No. The L-1 is often the most obvious route for a genuine intracompany transfer, but it is not always available. Corporate structure, prior employment history, role duties, and the employee’s background may rule it out. In some cases, an E-1 or E-2 treaty route may be worth considering, especially where nationality and ownership requirements are met.

6. Can an Irish or UK national use the E-2 visa instead of the L-1?

Possibly. The E-2 Treaty Investor visa may be available where the employee and the business ownership structure satisfy the treaty nationality requirements. The employee’s nationality alone is not enough. The company must also meet the relevant ownership test. This is why nationality and ownership should be checked early.

7. Can the employee travel to the U.S. on ESTA or a B-1 visa while the transfer is being arranged?

A short business visit may be possible for limited activities such as meetings, consultations, or negotiations, but ESTA or a B-1 visa is not a substitute for U.S. work authorisation. If the employee will be performing productive work in the United States, the company should get legal advice before any travel is arranged.

8. Why is the H-1B not usually the best option for an urgent transfer?

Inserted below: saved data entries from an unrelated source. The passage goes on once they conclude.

(* Let $k$ be a field, let $n,m,n_1,\dots,n_r$ be positive integers with $n_1+\dots+n_r=n$, and let $G\subseteq\mathfrak{S}_r$ be a permutation group. There exists an $n\times n$ quantum parameter matrix $\mathfrak{q}$ with blocks $B_1,\dots,B_r$ of sizes $|B_i|=n_i$ and $\mathrm{Stab}(\mathfrak{q})=G$ (identifying $B_i$ with $i$), giving $\mathrm{Aut}_{\mathrm{gr}}(S_{\mathfrak{q}}(k^n))\cong\prod_i\mathrm{GL}(n_i,k)\rtimes G$, if and only if there exists an $mn\times mn$ quantum parameter matrix $\mathfrak{q}'$ with blocks $B'_1,\dots,B'_r$ of sizes $|B'_i|=m\,n_i$ and $\mathrm{Stab}(\mathfrak{q}')=G$ (identifying $B'_i$ with $i$), giving $\mathrm{Aut}_{\mathrm{gr}}(S_{\mathfrak{q}'}(k^{mn}))\cong\prod_i\mathrm{GL}(m\cdot n_i,k)\rtimes G$.
   Context: A quantum parameter matrix is a square matrix $\mathfrak{p}=(p_{ij})$ over $k$ with $p_{ii}=1$ and $p_{ij}p_{ji}=1$. For such $\mathfrak{p}$ of size $N$, $S_{\mathfrak{p}}(k^N)$ is the $k$-algebra generated by the standard basis $v_1,\dots,v_N$ with relations $v_jv_i=p_{ij}v_iv_j$, graded by $\deg v_i=1$; $\mathrm{Aut}_{\mathrm{gr}}$ is its group of degree-preserving algebra automorphisms, viewed as a subgroup of $\mathrm{GL}(N,k)$. The blocks of $\mathfrak{p}$ are the classes of the partition of $[N]$ with $i\sim j$ iff rows $i,j$ of $\mathfrak{p}$ are identical; $\mathfrak{p}_{BC}=(p_{ij})_{i\in B,j\in C}$; with $r$ the number of blocks, $\mathfrak{S}_r$ permutes the blocks and $\mathrm{Stab}(\mathfrak{p})=\{\sigma\in\mathfrak{S}_r:|\sigma(B)|=|B|\text{ and }\mathfrak{p}_{BC}=\mathfrak{p}_{\sigma(B)\sigma(C)}\text{ for all blocks }B,C\}$. For any quantum parameter matrix $\mathfrak{p}$ one has $\mathrm{Aut}_{\mathrm{gr}}(S_{\mathfrak{p}}(k^N))\cong(\prod_{B}\mathrm{GL}(V_B))\rtimes\mathrm{Stab}(\mathfrak{p})$ with $\mathrm{GL}(V_B)\cong\mathrm{GL}(|B|,k)$ and $\mathrm{Stab}(\mathfrak{p})$ permuting the factors. *)

theory Defs
  imports Main "HOL-Combinatorics.Permutations"
begin

text \<open>An N x N matrix over k is a function q :: nat => nat => k, with indices in {0..<N}.\<close>

definition quantum_param :: "nat \<Rightarrow> (nat \<Rightarrow> nat \<Rightarrow> 'k::field) \<Rightarrow> bool" where
  "quantum_param N q \<longleftrightarrow>
     (\<forall>i<N. q i i = 1) \<and> (\<forall>i<N. \<forall>j<N. q i j * q j i = 1)"

definition block_of :: "nat \<Rightarrow> (nat \<Rightarrow> nat \<Rightarrow> 'k) \<Rightarrow> nat \<Rightarrow> nat set" where
  "block_of N q i = {j. j < N \<and> (\<forall>l<N. q j l = q i l)}"

definition blocks :: "nat \<Rightarrow> (nat \<Rightarrow> nat \<Rightarrow> 'k) \<Rightarrow> nat set set" where
  "blocks N q = {block_of N q i | i. i < N}"

text \<open>B enumerates the blocks as B 0, ..., B (r-1) (the paper's B_1..B_r), bijectively.\<close>
definition blocks_indexed ::
  "nat \<Rightarrow> (nat \<Rightarrow> nat \<Rightarrow> 'k) \<Rightarrow> nat \<Rightarrow> (nat \<Rightarrow> nat set) \<Rightarrow> bool" where
  "blocks_indexed N q r B \<longleftrightarrow> bij_betw B {..<r} (blocks N q)"

definition submatrix :: "(nat \<Rightarrow> nat \<Rightarrow> 'k) \<Rightarrow> nat set \<Rightarrow> nat set \<Rightarrow> 'k list list" where
  "submatrix q B C =
     map (\<lambda>i. map (\<lambda>j. q i j) (sorted_list_of_set C)) (sorted_list_of_set B)"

The H-1B can be difficult for urgent transfers because most cap-subject cases depend on the annual registration process, selection by lottery, and a fixed fiscal-year start date. In addition, certain new H-1B petitions filed after September 21, 2025 may involve the $100,000 supplemental payment. For many UK and Irish companies, that changes the cost and timing analysis significantly.

9. Can premium processing guarantee a U.S. start date?

No. Premium processing can speed up the USCIS response for eligible petitions, but it does not guarantee approval. The response may be an approval, a denial, or a Request for Evidence. It also does not remove the need for a consular interview if the employee is outside the United States and needs a visa stamp before travel.

10. What should the CEO bring to the first call with a U.S. immigration lawyer?

The CEO should bring the employee’s nationality, any second nationality, the ownership structure of the UK or Irish entity and the U.S. entity, the employee’s role history for the past three years, any gaps in employment, and a clear description of what the employee will do in the United States. That information helps the lawyer give a useful answer faster.

11. Why should the CEO be involved instead of leaving this entirely to HR?

HR will usually manage the process, but the route decision often affects commercial strategy, cost, timing, employee expectations, and future U.S. plans. Those are CEO-level issues. The first legal conversation should connect the immigration route to the business objective, not treat it as a narrow administrative task.

12. What is the biggest mistake companies make when planning a U.S. employee transfer?

The biggest mistake is giving an internal start date before the immigration route has been properly tested. A soft date can quickly become a promise. Once the U.S. team, the employee, and the employee’s family start planning around that date, changing it becomes much more costly.